----- Data for this task -----
lemma path_length_ge_normal_angle:
  fixes S :: "'a::euclidean_space set"
  assumes S: "convex S" "closed S" "S \<noteq> {}" and "path g"
    and unit: "\<And>t. t \<in> {0..1} \<Longrightarrow> dist (g t) (closest_point S (g t)) = 1"
  shows "ereal (arccos ((g 0 - closest_point S (g 0)) \<bullet> (g 1 - closest_point S (g 1))))
           \<le> path_length g"
proof -
  define c where "c t = g t - closest_point S (g t)" for t
  have c_cont: "continuous_on {0..1} c"
    using path_closest_point(2)[OF S \<open>path g\<close>] by (simp add: c_def path_def)
  have c_unit: "norm (c t) = 1" if "t \<in> {0..1}" for t
    using unit[OF that] by (simp add: c_def dist_norm)
  have c_le_g: "grid_sum N c \<le> grid_sum N g" for N
    using grid_sum_projection_pythagoras[OF S, of N g]
      real_sqrt_ge_abs2[of "grid_sum N c" "grid_sum N (\<lambda>t. closest_point S (g t))"]
      abs_ge_self[of "grid_sum N c"]
    unfolding c_def by linarith
  have "ereal (arccos (c 0 \<bullet> c 1)) \<le> path_length g"
  proof (rule path_length_ge_if_eventually)
    fix z :: real assume "0 < z" "z < 1"
    with c_cont c_unit have "\<forall>\<^sub>F N in sequentially. z * arccos (c 0 \<bullet> c 1) \<le> grid_sum N c"
      by (rule grid_sum_ge_arccos_eventually)
    then show "\<forall>\<^sub>F N in sequentially. z * arccos (c 0 \<bullet> c 1) \<le> grid_sum N g"
      by (rule eventually_mono) (use c_le_g order_trans in blast)
  qed
  then show ?thesis
    by (simp add: c_def)
qed

lemma scaled_sqrt_sum_squares_le:
  fixes z a b x y :: real
  assumes "0 \<le> z" "z \<le> 1" "0 \<le> a" "0 \<le> b" "a \<le> x" "z * b \<le> y"
  shows "z * sqrt (a\<^sup>2 + b\<^sup>2) \<le> sqrt (x\<^sup>2 + y\<^sup>2)"
proof -
  have "z * a \<le> x"
    using assms mult_left_le_one_le[of a z] by linarith
  have "z * sqrt (a\<^sup>2 + b\<^sup>2) = sqrt (z\<^sup>2 * (a\<^sup>2 + b\<^sup>2))"
    using assms(1) by (simp add: real_sqrt_mult)
  also have "\<dots> = sqrt ((z * a)\<^sup>2 + (z * b)\<^sup>2)"
    by (simp add: power_mult_distrib algebra_simps)
  also have "\<dots> \<le> sqrt (x\<^sup>2 + y\<^sup>2)"
    using assms \<open>z * a \<le> x\<close> by (intro real_sqrt_le_mono add_mono power_mono) auto
  finally show ?thesis .
qed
-----
What is needed is a word-for-word copy of all the records above.

■ Exercise solution
lemma path_length_ge_normal_angle:
  fixes S :: "'a::euclidean_space set"
  assumes S: "convex S" "closed S" "S \<noteq> {}" and "path g"
    and unit: "\<And>t. t \<in> {0..1} \<Longrightarrow> dist (g t) (closest_point S (g t)) = 1"
  shows "ereal (arccos ((g 0 - closest_point S (g 0)) \<bullet> (g 1 - closest_point S (g 1))))
           \<le> path_length g"
proof -
  define c where "c t = g t - closest_point S (g t)" for t
  have c_cont: "continuous_on {0..1} c"
    using path_closest_point(2)[OF S \<open>path g\<close>] by (simp add: c_def path_def)
  have c_unit: "norm (c t) = 1" if "t \<in> {0..1}" for t
    using unit[OF that] by (simp add: c_def dist_norm)
  have c_le_g: "grid_sum N c \<le> grid_sum N g" for N
    using grid_sum_projection_pythagoras[OF S, of N g]
      real_sqrt_ge_abs2[of "grid_sum N c" "grid_sum N (\<lambda>t. closest_point S (g t))"]
      abs_ge_self[of "grid_sum N c"]
    unfolding c_def by linarith
  have "ereal (arccos (c 0 \<bullet> c 1)) \<le> path_length g"
  proof (rule path_length_ge_if_eventually)
    fix z :: real assume "0 < z" "z < 1"
    with c_cont c_unit have "\<forall>\<^sub>F N in sequentially. z * arccos (c 0 \<bullet> c 1) \<le> grid_sum N c"
      by (rule grid_sum_ge_arccos_eventually)
    then show "\<forall>\<^sub>F N in sequentially. z * arccos (c 0 \<bullet> c 1) \<le> grid_sum N g"
      by (rule eventually_mono) (use c_le_g order_trans in blast)
  qed
  then show ?thesis
    by (simp add: c_def)
qed

lemma scaled_sqrt_sum_squares_le:
  fixes z a b x y :: real
  assumes "0 \<le> z" "z \<le> 1" "0 \<le> a" "0 \<le> b" "a \<le> x" "z * b \<le> y"
  shows "z * sqrt (a\<^sup>2 + b\<^sup>2) \<le> sqrt (x\<^sup>2 + y\<^sup>2)"
proof -
  have "z * a \<le> x"
    using assms mult_left_le_one_le[of a z] by linarith
  have "z * sqrt (a\<^sup>2 + b\<^sup>2) = sqrt (z\<^sup>2 * (a\<^sup>2 + b\<^sup>2))"
    using assms(1) by (simp add: real_sqrt_mult)
  also have "\<dots> = sqrt ((z * a)\<^sup>2 + (z * b)\<^sup>2)"
    by (simp add: power_mult_distrib algebra_simps)
  also have "\<dots> \<le> sqrt (x\<^sup>2 + y\<^sup>2)"
    using assms \<open>z * a \<le> x\<close> by (intro real_sqrt_le_mono add_mono power_mono) auto
  finally show ?thesis .
qed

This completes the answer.